▸ **THE TASK**:
Would you return the lines between the one holding "then obtain c" and the one holding "then obtain e", inclusive, and only those, exactly as they stand in the listing below?

▸ **RECORDS PROVIDED**:
(* Let $p$ be a prime number and let $a$ be an integer not divisible by $p$. Then for every positive integer $n$, $$\vartheta_p\left(\sum_{k=1}^{n}\left(\frac{1}{a^k}+\frac{1}{(p-a)^k}\right)\frac{p^k}{k}\right) \geq (n+1) - \log_p\left(\frac{n+1}{2}\right).$$ Moreover, this inequality is an equality if and only if $n = 2p^{\alpha}-1$ for some non-negative integer $\alpha$.
   Context: For a prime $p$ and a nonzero rational $r$, $\vartheta_p(r)$ denotes the $p$-adic valuation of $r$. For a positive real $x$, $\log_p(x) = \frac{\log x}{\log p}$ is the logarithm to base $p$. *)

theory Defs
  imports Complex_Main "HOL-Computational_Algebra.Primes" "HOL-Library.Extended_Real"
begin

definition padic_val_rat :: "nat \<Rightarrow> rat \<Rightarrow> ereal" where
  "padic_val_rat p r =
     (if r = 0 then \<infinity>
      else (case quotient_of r of (a, b) \<Rightarrow>
              ereal (real_of_int (int (multiplicity (int p) a) - int (multiplicity (int p) b)))))"

end

theory Submission
  imports Defs "HOL-Computational_Algebra.Squarefree"
begin

text \<open>
  Put b = p - a. The numbers x = p/a and y = p/b satisfy x + y = x y = z with z = p^2/(a b),
  so S is the sum of the first n terms of -log((1 - x t)(1 - y t)) = -log(1 - z t (1 - t))
  at t = 1. Expanding in powers of z gives S = sum_j (-1)^(n-j) C(j-1, n-j) z^j / j. The j-th
  term vanishes unless 2j >= n + 1, and then its p-adic valuation is at least
  2j - v_p(j) >= 2j - log_p j >= (n + 1) - log_p((n + 1)/2), with equality throughout only for
  2j = n + 1 and j = p^alpha. As at most one term attains the bound, the ultrametric inequality
  gives the bound for S and shows that it is attained exactly when n = 2 p^alpha - 1.
\<close>

section \<open>Power sums of the roots of t^2 - z t + z\<close>

text \<open>For 0 < j this is the coefficient (j + k)/j * C(j, k) of Waring's formula, written without
  division; its value at j = 0 is never used.\<close>
definition waring_coeff :: "nat \<Rightarrow> nat \<Rightarrow> nat" where
  "waring_coeff j k = (if k = 0 then 1 else (j choose k) + (j - 1 choose (k - 1)))"

lemma waring_coeff_Suc_Suc:
  "0 < j \<Longrightarrow> waring_coeff (Suc j) (Suc k) = waring_coeff j (Suc k) + waring_coeff j k"
  by (cases k) (auto simp: waring_coeff_def gr0_conv_Suc)
(* Let $G$ be a periodic group such that the set of primes dividing the orders of elements of $G$ is exactly $\{2,3\}$, for any two elements $g,h\in G$ of orders at most $4$ the order of $gh$ is at most $9$, and the centralizer of every involution of $G$ is a locally cyclic $2$-group. Fix an element $t\in G$ of order $4$, and let $\Theta=\{g^{-1}tg\mid g\in G\}$ and $\Theta^{-}=\{u^{-1}\mid u\in\Theta\}$. Then $\Theta\cap\Theta^{-}=\emptyset$ and $\Theta\cup\Theta^{-}=\Gamma_4(G)$.
   Context: $\Gamma_4(G)$ denotes the set of elements of $G$ of order exactly $4$. *)

theory Defs
  imports "HOL-Algebra.Algebra" "HOL-Computational_Algebra.Primes"
begin

definition centralizer_el :: "('a, 'b) monoid_scheme \<Rightarrow> 'a \<Rightarrow> 'a set" where
  "centralizer_el G x = {g \<in> carrier G. g \<otimes>\<^bsub>G\<^esub> x = x \<otimes>\<^bsub>G\<^esub> g}"

definition locally_cyclic :: "('a, 'b) monoid_scheme \<Rightarrow> 'a set \<Rightarrow> bool" where
  "locally_cyclic G H \<longleftrightarrow>
     (\<forall>F. F \<subseteq> H \<and> finite F \<longrightarrow> cyclic_group (subgroup_generated G F))"

definition is_2_group :: "('a, 'b) monoid_scheme \<Rightarrow> 'a set \<Rightarrow> bool" where
  "is_2_group G H \<longleftrightarrow> (\<forall>h\<in>H. \<exists>k::nat. group.ord G h = 2 ^ k)"

definition Gamma4 :: "('a, 'b) monoid_scheme \<Rightarrow> 'a set" where
  "Gamma4 G = {x \<in> carrier G. group.ord G x = 4}"

end

theory Submission
  imports Defs
begin

text \<open>
  A locally cyclic group is abelian and contains at most one involution, so two square
  roots of the same involution agree up to inversion. If \<open>t\<close> were conjugate to its inverse, an
  element inverting \<open>t\<close> would centralize the involution \<open>t\<^sup>2\<close>, hence commute with \<open>t\<close>, forcing
  \<open>t\<^sup>2 = 1\<close>. Any two involutions \<open>i, j\<close> are conjugate: both invert \<open>ij\<close>, so if \<open>ij\<close> had even
  order its unique involution would centralize \<open>i\<close> and \<open>j\<close>, giving \<open>i = j\<close>; hence \<open>ij\<close> has odd
  order and a square root of \<open>ij\<close> conjugates \<open>i\<close> to \<open>j\<close>. So for \<open>u\<close> of order 4 some conjugate
  \<open>s\<close> of \<open>t\<close> satisfies \<open>s\<^sup>2 = u\<^sup>2\<close>, whence \<open>u = s\<close> or \<open>u = s\<inverse>\<close>.
\<close>


lemma dvd_diff_if_dvd_double:
  fixes m p q :: int
  assumes "m dvd 2 * p" "\<not> m dvd p" "m dvd 2 * q" "\<not> m dvd q"
  shows "m dvd q - p"
proof -
  have odd_cofactor: "\<exists>r. odd r \<and> 2 * x = m * r" if "m dvd 2 * x" "\<not> m dvd x" for x :: int
  proof -
    obtain r where r: "2 * x = m * r" using \<open>m dvd 2 * x\<close> by (elim dvdE)
    have "odd r"
    proof
      assume "even r"
      then obtain c where "r = 2 * c" by (elim evenE)
      with r have "x = m * c" by simp
      with \<open>\<not> m dvd x\<close> show False by simp
    qed
    with r show ?thesis by blast
  qed
  obtain r s where "odd r" "2 * p = m * r" "odd s" "2 * q = m * s"
    using odd_cofactor assms by metis
  moreover from \<open>odd r\<close> \<open>odd s\<close> have "even (s - r)" by simp
  then obtain e where "s - r = 2 * e" by (elim evenE)
  ultimately have "2 * (q - p) = 2 * (m * e)" by (simp add: algebra_simps)
  then have "q - p = m * e" by simp
  then show ?thesis by simp
qed

context group
begin

lemma mult_inv_cancel_left [simp]: "x \<in> carrier G \<Longrightarrow> y \<in> carrier G \<Longrightarrow> x \<otimes> (inv x \<otimes> y) = y"
  by (simp add: m_assoc[symmetric])

lemma inv_mult_cancel_left [simp]: "x \<in> carrier G \<Longrightarrow> y \<in> carrier G \<Longrightarrow> inv x \<otimes> (x \<otimes> y) = y"
  by (simp add: m_assoc[symmetric])

lemma ord_eq_2_iff: "x \<in> carrier G \<Longrightarrow> ord x = 2 \<longleftrightarrow> x \<otimes> x = \<one> \<and> x \<noteq> \<one>"
proof
  assume x: "x \<in> carrier G" and "ord x = 2"
  then show "x \<otimes> x = \<one> \<and> x \<noteq> \<one>"
    using pow_ord_eq_1[OF x] ord_eq_1[OF x] by (simp add: numeral_2_eq_2)
next
  assume x: "x \<in> carrier G" and "x \<otimes> x = \<one> \<and> x \<noteq> \<one>"
  then have "ord x dvd 2" "ord x \<noteq> 1"
    using pow_eq_id[OF x, of 2] ord_eq_1[OF x] by (simp_all add: numeral_2_eq_2)
  moreover from \<open>ord x dvd 2\<close> have "0 < ord x" "ord x \<le> 2"
    by (auto dest: dvd_imp_le intro!: Nat.gr0I)
  ultimately show "ord x = 2" by linarith
qed

lemma inv_eq_self_if_ord_2: "x \<in> carrier G \<Longrightarrow> ord x = 2 \<Longrightarrow> inv x = x"
  by (simp add: ord_eq_2_iff inv_equality)

lemma ord_square_if_ord_4:
  assumes "x \<in> carrier G" "ord x = 4"
  shows "ord (x \<otimes> x) = 2"
proof -
  have "x \<otimes> x = x [^] (2::nat)" using assms(1) by (simp add: numeral_2_eq_2)
  then show ?thesis using ord_pow[OF assms(1), of 2] assms(2) by simp
qed

lemma conj_mult:
  "\<lbrakk>g \<in> carrier G; x \<in> carrier G; y \<in> carrier G\<rbrakk>
    \<Longrightarrow> (inv g \<otimes> x \<otimes> g) \<otimes> (inv g \<otimes> y \<otimes> g) = inv g \<otimes> (x \<otimes> y) \<otimes> g"
  by (simp add: m_assoc)

lemma conj_nat_pow:
  "g \<in> carrier G \<Longrightarrow> x \<in> carrier G \<Longrightarrow> (inv g \<otimes> x \<otimes> g) [^] (n::nat) = inv g \<otimes> x [^] n \<otimes> g"
  by (induction n) (simp_all add: m_assoc)

lemma conj_eq_one_iff: "g \<in> carrier G \<Longrightarrow> x \<in> carrier G \<Longrightarrow> inv g \<otimes> x \<otimes> g = \<one> \<longleftrightarrow> x = \<one>"
proof
  assume g: "g \<in> carrier G" and x: "x \<in> carrier G" and "inv g \<otimes> x \<otimes> g = \<one>"
  then have "g \<otimes> (inv g \<otimes> x \<otimes> g) \<otimes> inv g = g \<otimes> inv g" by simp
  with g x show "x = \<one>" by (simp add: m_assoc)
qed simp

lemma ord_conj: "g \<in> carrier G \<Longrightarrow> x \<in> carrier G \<Longrightarrow> ord (inv g \<otimes> x \<otimes> g) = ord x"
  by (simp add: ord_unique conj_nat_pow conj_eq_one_iff pow_eq_id)

lemma inv_conj: "g \<in> carrier G \<Longrightarrow> x \<in> carrier G \<Longrightarrow> inv (inv g \<otimes> x \<otimes> g) = inv g \<otimes> inv x \<otimes> g"
  by (simp add: inv_mult_group m_assoc)

lemma nat_pow_commute_shift:
  assumes "x \<in> carrier G" "w \<in> carrier G" "v \<in> carrier G" "x \<otimes> w = v \<otimes> x"
  shows "x \<otimes> w [^] (k::nat) = v [^] k \<otimes> x"
proof (induction k)
  case (Suc k)
  have "x \<otimes> w [^] Suc k = (x \<otimes> w [^] k) \<otimes> w" using assms by (simp add: m_assoc)
  also have "\<dots> = v [^] k \<otimes> (x \<otimes> w)" using Suc assms by (simp add: m_assoc)
  also have "\<dots> = v [^] Suc k \<otimes> x" using assms by (simp add: m_assoc)
  finally show ?case .
qed (simp add: assms)

lemma inverting_nat_pow:
  assumes "x \<in> carrier G" "w \<in> carrier G" "x \<otimes> w = inv w \<otimes> x"
  shows "x \<otimes> w [^] (k::nat) = inv (w [^] k) \<otimes> x"
  using nat_pow_commute_shift[OF assms(1,2) inv_closed[OF assms(2)] assms(3)] assms(2)
  by (simp add: nat_pow_inv)

lemma int_pows_commute: "a \<in> carrier G \<Longrightarrow> a [^] (p::int) \<otimes> a [^] (q::int) = a [^] q \<otimes> a [^] p"
  by (simp flip: int_pow_mult add: add.commute)

lemma int_pow_involution_unique:
  assumes a: "a \<in> carrier G" and "ord (a [^] (p::int)) = 2" "ord (a [^] (q::int)) = 2"
  shows "a [^] p = a [^] q"
proof -
  have "int (ord a) dvd 2 * x \<and> \<not> int (ord a) dvd x" if "ord (a [^] x) = 2" for x :: int
  proof -
    have "a [^] x \<otimes> a [^] x = \<one>" "a [^] x \<noteq> \<one>" using that a by (simp_all add: ord_eq_2_iff)
    then show ?thesis using a by (simp add: int_pow_eq_id flip: int_pow_mult mult_2)
  qed
  then have "int (ord a) dvd q - p"
    using dvd_diff_if_dvd_double assms(2,3) by blast
  then show ?thesis using int_pow_eq[OF a, of p q] by simp
qed

lemma locally_cyclic_common_base:
  assumes "locally_cyclic G H" "H \<subseteq> carrier G" "x \<in> H" "y \<in> H"
  obtains a p q where "a \<in> carrier G" "x = a [^] (p::int)" "y = a [^] (q::int)"
proof -
  let ?K = "subgroup_generated G {x, y}"
  have "cyclic_group ?K" using assms unfolding locally_cyclic_def by auto
  then obtain a where a: "a \<in> carrier ?K" "carrier ?K = range (\<lambda>n::int. a [^]\<^bsub>?K\<^esub> n)"
    using group.cyclic_group[OF group_subgroup_generated] by blast
  have "{x, y} \<subseteq> carrier ?K"
    using assms by (auto simp: carrier_subgroup_generated intro: generate.incl)
  then obtain p q :: int where "x = a [^] p" "y = a [^] q"
    using a int_pow_subgroup_generated[OF a(1)] by (metis insert_subset rangeE)
  moreover have "a \<in> carrier G" using a(1) carrier_subgroup_generated_subset by blast
  ultimately show ?thesis using that by blast
qed

lemma involutions_invert_mult:
  assumes i: "i \<in> carrier G" "i \<otimes> i = \<one>" and j: "j \<in> carrier G" "j \<otimes> j = \<one>"
  shows "i \<otimes> (i \<otimes> j) = inv (i \<otimes> j) \<otimes> i" "j \<otimes> (i \<otimes> j) = inv (i \<otimes> j) \<otimes> j"
proof -
  have "inv (i \<otimes> j) = j \<otimes> i"
    using i j inv_equality[of i i] inv_equality[of j j] by (simp add: inv_mult_group)
  then show "i \<otimes> (i \<otimes> j) = inv (i \<otimes> j) \<otimes> i" "j \<otimes> (i \<otimes> j) = inv (i \<otimes> j) \<otimes> j"
    using i j by (simp_all add: m_assoc[symmetric]) (simp add: m_assoc)
qed

lemma involutions_conjugate_if_odd_ord_mult:
  assumes i: "i \<in> carrier G" "i \<otimes> i = \<one>" and j: "j \<in> carrier G" "j \<otimes> j = \<one>"
    and odd: "ord (i \<otimes> j) = 2 * k + 1"
  shows "\<exists>g\<in>carrier G. inv g \<otimes> i \<otimes> g = j"
proof
  define w where "w = i \<otimes> j"
  define g where "g = w [^] Suc k"
  have w: "w \<in> carrier G" and g: "g \<in> carrier G" using i j by (simp_all add: w_def g_def)
  have "g \<otimes> g = w [^] (Suc k + Suc k)" using w by (simp only: g_def nat_pow_mult)
  also have "Suc k + Suc k = Suc (ord w)" using odd by (simp add: w_def)
  also have "w [^] Suc (ord w) = w" using w by simp
  finally have gg: "g \<otimes> g = w" .
  have "i \<otimes> g = inv g \<otimes> i"
    unfolding g_def by (rule inverting_nat_pow[OF i(1) w involutions_invert_mult(1)[OF i j, folded w_def]])
  then have "inv g \<otimes> i \<otimes> g = i \<otimes> (g \<otimes> g)" using i g by (simp add: m_assoc[symmetric])
  also have "\<dots> = j" using i j by (simp add: gg w_def m_assoc[symmetric])
  finally show "inv g \<otimes> i \<otimes> g = j" .
qed (simp add: i j)

end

▸ **RESULT FOR THIS TASK**:
      then obtain c where "r = 2 * c" by (elim evenE)
      with r have "x = m * c" by simp
      with \<open>\<not> m dvd x\<close> show False by simp
    qed
    with r show ?thesis by blast
  qed
  obtain r s where "odd r" "2 * p = m * r" "odd s" "2 * q = m * s"
    using odd_cofactor assms by metis
  moreover from \<open>odd r\<close> \<open>odd s\<close> have "even (s - r)" by simp
  then obtain e where "s - r = 2 * e" by (elim evenE)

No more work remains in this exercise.